Records to use:
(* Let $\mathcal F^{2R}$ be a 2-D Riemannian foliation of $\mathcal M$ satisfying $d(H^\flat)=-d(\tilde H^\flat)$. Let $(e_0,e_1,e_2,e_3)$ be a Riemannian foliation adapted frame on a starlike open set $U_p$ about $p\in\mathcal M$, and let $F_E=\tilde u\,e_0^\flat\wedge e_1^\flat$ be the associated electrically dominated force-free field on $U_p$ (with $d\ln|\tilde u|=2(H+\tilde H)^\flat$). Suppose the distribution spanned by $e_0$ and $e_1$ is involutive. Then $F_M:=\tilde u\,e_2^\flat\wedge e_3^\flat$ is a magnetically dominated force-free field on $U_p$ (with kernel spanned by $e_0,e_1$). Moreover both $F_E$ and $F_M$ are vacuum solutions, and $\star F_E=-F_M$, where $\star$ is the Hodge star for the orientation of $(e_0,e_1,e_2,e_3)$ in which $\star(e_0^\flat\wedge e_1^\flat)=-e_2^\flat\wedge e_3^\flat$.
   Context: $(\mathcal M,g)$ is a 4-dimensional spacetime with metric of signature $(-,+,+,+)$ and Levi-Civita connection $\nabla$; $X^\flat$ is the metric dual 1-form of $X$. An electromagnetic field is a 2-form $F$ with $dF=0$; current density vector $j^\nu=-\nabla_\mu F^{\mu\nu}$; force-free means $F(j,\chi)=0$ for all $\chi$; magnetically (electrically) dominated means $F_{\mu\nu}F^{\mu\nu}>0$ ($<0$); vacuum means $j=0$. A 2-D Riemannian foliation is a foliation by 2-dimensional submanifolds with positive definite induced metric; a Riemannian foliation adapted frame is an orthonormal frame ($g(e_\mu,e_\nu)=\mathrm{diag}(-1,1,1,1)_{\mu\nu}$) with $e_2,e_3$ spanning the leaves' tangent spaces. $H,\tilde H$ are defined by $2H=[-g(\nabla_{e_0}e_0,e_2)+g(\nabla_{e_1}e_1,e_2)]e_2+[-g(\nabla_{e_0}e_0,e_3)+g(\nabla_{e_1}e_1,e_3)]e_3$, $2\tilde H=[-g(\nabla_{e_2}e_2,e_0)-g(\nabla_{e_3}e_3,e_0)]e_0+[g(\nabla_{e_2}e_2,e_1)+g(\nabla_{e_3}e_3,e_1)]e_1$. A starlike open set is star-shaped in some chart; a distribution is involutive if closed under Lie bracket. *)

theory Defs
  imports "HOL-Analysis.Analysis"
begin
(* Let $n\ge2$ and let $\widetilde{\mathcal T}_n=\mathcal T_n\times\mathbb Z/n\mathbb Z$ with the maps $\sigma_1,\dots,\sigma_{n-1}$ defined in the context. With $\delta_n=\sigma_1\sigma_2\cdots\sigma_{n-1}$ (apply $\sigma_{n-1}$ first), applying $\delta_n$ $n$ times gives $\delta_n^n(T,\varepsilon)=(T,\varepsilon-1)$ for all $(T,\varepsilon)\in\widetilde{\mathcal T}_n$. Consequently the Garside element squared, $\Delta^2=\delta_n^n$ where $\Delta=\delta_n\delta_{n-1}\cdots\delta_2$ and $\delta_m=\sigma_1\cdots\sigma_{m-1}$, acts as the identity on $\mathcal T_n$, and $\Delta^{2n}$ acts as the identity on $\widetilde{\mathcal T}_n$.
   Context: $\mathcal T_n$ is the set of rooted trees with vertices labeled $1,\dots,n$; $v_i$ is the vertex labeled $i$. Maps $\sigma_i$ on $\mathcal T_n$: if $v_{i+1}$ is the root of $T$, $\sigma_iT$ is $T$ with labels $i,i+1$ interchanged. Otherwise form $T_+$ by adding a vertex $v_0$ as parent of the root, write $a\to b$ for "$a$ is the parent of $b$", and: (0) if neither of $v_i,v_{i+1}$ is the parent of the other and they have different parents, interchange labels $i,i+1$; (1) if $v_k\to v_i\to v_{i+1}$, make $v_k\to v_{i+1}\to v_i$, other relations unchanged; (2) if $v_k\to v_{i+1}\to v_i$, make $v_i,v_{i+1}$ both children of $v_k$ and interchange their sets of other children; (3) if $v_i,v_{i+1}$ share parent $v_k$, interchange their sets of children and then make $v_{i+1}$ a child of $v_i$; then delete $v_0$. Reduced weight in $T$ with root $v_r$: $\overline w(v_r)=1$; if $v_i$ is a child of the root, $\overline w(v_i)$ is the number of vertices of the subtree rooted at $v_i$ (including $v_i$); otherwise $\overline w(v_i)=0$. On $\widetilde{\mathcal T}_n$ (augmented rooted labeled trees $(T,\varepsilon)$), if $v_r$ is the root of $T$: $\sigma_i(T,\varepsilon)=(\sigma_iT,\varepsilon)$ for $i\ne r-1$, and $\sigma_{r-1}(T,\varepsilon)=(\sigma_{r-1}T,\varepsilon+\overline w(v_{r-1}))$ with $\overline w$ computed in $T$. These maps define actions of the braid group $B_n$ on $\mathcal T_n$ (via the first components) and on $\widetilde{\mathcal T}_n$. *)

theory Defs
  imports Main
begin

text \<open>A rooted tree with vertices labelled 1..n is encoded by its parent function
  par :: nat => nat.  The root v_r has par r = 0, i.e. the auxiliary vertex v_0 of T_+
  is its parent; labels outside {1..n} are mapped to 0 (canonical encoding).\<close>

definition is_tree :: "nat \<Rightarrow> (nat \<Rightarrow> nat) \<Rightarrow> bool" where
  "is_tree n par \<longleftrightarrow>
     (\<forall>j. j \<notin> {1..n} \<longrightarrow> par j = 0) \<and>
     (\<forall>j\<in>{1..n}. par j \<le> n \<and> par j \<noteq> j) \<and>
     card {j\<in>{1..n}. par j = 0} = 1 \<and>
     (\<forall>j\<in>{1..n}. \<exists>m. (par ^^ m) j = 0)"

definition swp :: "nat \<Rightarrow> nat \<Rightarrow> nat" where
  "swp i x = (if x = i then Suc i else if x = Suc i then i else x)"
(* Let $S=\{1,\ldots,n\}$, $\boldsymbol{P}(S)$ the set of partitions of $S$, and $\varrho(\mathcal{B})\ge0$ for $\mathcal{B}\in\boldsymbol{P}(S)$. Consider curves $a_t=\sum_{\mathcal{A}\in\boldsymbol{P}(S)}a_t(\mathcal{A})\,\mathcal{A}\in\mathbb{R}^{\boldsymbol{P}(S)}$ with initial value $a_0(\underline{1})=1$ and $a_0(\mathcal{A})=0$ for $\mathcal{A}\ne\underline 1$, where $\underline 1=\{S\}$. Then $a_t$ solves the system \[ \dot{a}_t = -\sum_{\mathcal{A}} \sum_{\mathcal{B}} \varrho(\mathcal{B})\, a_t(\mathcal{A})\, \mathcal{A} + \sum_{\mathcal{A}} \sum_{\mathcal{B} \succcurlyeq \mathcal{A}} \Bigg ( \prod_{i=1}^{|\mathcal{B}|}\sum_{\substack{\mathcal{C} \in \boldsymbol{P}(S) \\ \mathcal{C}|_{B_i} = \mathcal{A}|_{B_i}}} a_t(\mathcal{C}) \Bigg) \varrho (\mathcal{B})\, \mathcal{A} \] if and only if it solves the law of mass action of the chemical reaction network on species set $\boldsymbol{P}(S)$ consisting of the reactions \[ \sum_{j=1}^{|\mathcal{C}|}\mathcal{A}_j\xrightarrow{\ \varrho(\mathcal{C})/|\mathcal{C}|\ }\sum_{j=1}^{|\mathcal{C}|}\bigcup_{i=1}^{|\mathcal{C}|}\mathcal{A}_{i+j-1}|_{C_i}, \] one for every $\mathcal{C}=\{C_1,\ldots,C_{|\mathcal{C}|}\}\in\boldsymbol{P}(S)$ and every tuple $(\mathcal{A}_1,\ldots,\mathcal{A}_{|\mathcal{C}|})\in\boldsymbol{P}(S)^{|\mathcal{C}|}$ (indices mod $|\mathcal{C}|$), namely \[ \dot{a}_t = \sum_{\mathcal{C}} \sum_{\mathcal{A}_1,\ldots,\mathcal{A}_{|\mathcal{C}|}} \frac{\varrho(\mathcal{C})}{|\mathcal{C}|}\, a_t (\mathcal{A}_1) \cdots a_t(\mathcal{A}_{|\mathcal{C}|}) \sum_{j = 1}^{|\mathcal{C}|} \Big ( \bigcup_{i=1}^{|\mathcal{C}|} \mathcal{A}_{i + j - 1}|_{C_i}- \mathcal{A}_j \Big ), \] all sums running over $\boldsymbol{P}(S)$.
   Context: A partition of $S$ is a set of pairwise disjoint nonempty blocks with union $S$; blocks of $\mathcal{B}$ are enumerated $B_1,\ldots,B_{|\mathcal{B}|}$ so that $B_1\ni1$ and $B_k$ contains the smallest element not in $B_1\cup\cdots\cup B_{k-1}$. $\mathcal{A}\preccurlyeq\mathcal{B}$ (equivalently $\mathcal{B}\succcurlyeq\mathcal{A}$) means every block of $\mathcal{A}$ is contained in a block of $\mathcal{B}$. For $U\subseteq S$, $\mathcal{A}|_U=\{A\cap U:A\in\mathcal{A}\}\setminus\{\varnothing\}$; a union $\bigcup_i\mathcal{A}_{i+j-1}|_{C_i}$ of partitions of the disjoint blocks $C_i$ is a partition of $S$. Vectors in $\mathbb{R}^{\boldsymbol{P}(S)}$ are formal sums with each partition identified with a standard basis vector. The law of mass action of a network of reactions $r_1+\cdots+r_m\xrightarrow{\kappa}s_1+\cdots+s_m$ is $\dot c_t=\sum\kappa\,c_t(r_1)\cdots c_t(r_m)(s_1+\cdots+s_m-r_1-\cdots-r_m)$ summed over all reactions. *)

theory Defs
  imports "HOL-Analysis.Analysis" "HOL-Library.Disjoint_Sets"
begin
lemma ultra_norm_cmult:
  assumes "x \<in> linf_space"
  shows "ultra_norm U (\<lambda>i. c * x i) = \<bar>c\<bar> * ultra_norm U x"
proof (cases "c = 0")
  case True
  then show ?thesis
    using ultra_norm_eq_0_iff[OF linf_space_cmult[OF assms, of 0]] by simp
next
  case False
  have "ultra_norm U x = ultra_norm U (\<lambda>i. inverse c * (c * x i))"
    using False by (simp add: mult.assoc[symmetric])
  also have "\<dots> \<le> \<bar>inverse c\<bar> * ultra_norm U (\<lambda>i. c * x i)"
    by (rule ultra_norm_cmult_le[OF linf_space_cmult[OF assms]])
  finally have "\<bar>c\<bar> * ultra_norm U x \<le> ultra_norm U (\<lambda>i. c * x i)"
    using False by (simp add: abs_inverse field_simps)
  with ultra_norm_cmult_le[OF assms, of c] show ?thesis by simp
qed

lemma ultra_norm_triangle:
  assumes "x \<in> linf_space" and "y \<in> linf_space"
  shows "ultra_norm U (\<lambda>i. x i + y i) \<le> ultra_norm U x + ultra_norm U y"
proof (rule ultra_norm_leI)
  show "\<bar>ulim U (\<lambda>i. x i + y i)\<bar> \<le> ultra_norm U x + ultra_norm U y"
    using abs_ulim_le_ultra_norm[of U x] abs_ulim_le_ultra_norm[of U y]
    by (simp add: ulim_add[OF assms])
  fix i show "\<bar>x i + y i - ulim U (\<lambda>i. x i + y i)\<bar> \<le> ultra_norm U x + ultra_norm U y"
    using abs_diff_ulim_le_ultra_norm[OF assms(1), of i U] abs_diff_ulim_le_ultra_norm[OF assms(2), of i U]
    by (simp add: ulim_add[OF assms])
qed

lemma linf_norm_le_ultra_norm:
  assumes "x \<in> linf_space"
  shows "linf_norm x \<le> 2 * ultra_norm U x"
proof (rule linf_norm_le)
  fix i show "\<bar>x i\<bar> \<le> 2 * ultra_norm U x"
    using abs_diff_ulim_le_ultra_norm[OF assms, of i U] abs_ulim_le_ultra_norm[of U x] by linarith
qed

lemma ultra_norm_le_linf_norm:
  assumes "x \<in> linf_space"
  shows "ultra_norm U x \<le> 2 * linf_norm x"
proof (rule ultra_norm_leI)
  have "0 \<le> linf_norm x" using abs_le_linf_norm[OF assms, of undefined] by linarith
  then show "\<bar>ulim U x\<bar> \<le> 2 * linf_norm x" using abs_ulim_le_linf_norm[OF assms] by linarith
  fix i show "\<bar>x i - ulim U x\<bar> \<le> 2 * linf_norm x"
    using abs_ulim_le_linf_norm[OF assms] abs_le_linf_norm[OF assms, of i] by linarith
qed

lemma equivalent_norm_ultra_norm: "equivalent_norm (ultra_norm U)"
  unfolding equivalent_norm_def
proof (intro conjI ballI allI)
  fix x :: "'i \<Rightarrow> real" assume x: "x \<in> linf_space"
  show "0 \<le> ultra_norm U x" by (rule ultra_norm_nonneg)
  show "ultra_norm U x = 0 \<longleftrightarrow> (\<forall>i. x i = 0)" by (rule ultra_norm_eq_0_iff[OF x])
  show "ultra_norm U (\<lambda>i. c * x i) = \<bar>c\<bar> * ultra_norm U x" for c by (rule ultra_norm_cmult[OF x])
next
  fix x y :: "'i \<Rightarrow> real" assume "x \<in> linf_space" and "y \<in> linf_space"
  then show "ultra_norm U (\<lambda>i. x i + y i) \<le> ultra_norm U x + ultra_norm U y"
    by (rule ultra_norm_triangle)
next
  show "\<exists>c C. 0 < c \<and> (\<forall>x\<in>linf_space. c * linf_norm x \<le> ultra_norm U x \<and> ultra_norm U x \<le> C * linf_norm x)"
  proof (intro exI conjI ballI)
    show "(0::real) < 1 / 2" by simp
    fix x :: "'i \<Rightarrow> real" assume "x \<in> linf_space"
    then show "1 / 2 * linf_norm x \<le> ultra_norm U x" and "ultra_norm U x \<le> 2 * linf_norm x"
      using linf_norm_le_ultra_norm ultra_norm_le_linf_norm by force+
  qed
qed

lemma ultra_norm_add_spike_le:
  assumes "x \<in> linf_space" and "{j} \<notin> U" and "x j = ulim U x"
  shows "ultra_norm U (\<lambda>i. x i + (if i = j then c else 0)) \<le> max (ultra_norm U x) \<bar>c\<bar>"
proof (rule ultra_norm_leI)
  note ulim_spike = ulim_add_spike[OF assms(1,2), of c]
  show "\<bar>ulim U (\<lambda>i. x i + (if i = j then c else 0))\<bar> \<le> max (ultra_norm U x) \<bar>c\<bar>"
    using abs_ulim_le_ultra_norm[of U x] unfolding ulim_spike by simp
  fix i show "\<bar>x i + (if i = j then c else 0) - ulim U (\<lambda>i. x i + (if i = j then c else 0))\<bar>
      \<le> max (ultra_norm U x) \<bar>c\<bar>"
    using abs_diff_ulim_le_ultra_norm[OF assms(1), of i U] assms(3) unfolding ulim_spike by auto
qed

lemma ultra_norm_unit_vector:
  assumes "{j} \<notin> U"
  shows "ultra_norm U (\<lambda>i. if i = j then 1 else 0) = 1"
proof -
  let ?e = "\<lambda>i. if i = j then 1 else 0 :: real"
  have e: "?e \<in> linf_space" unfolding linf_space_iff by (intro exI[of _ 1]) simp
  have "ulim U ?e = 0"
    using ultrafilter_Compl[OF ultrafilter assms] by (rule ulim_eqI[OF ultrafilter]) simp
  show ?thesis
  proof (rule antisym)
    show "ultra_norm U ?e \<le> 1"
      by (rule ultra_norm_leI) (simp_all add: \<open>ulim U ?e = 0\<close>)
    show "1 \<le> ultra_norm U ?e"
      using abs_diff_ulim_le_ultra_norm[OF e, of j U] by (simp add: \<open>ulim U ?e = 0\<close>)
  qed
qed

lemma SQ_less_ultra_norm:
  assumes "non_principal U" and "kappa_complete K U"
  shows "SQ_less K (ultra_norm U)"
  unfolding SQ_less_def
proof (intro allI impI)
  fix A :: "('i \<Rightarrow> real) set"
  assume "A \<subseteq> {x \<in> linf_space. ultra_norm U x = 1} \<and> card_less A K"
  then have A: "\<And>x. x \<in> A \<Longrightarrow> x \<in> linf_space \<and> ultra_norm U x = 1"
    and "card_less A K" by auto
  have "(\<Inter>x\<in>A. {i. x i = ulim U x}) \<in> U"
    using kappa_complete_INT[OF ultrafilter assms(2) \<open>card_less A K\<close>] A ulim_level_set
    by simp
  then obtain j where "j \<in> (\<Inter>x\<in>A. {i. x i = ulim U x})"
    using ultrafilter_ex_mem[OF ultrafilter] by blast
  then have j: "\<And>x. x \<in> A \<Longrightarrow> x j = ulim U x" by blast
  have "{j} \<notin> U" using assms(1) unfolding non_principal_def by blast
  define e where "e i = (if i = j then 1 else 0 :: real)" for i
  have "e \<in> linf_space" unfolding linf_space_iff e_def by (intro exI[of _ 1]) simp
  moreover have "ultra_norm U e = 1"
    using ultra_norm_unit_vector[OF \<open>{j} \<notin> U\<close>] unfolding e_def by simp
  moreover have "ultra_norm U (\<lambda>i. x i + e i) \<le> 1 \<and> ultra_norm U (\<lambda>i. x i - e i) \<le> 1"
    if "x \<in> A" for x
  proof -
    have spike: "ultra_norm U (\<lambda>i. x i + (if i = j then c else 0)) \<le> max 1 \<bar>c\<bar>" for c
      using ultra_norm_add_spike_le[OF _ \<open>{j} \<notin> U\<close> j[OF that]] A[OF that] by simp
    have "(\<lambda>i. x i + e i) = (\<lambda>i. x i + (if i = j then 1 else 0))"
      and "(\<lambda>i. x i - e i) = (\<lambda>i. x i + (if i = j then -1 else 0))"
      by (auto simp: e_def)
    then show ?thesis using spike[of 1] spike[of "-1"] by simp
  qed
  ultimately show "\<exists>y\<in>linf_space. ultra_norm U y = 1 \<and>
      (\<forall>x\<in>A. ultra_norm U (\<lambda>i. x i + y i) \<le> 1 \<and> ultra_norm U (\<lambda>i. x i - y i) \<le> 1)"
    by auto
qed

What to do:
For every line of the material above that contains the word "real", show the line.

Written reply:
  fix x :: "'i \<Rightarrow> real" assume x: "x \<in> linf_space"
  fix x y :: "'i \<Rightarrow> real" assume "x \<in> linf_space" and "y \<in> linf_space"
    show "(0::real) < 1 / 2" by simp
    fix x :: "'i \<Rightarrow> real" assume "x \<in> linf_space"
  let ?e = "\<lambda>i. if i = j then 1 else 0 :: real"
  fix A :: "('i \<Rightarrow> real) set"
  define e where "e i = (if i = j then 1 else 0 :: real)" for i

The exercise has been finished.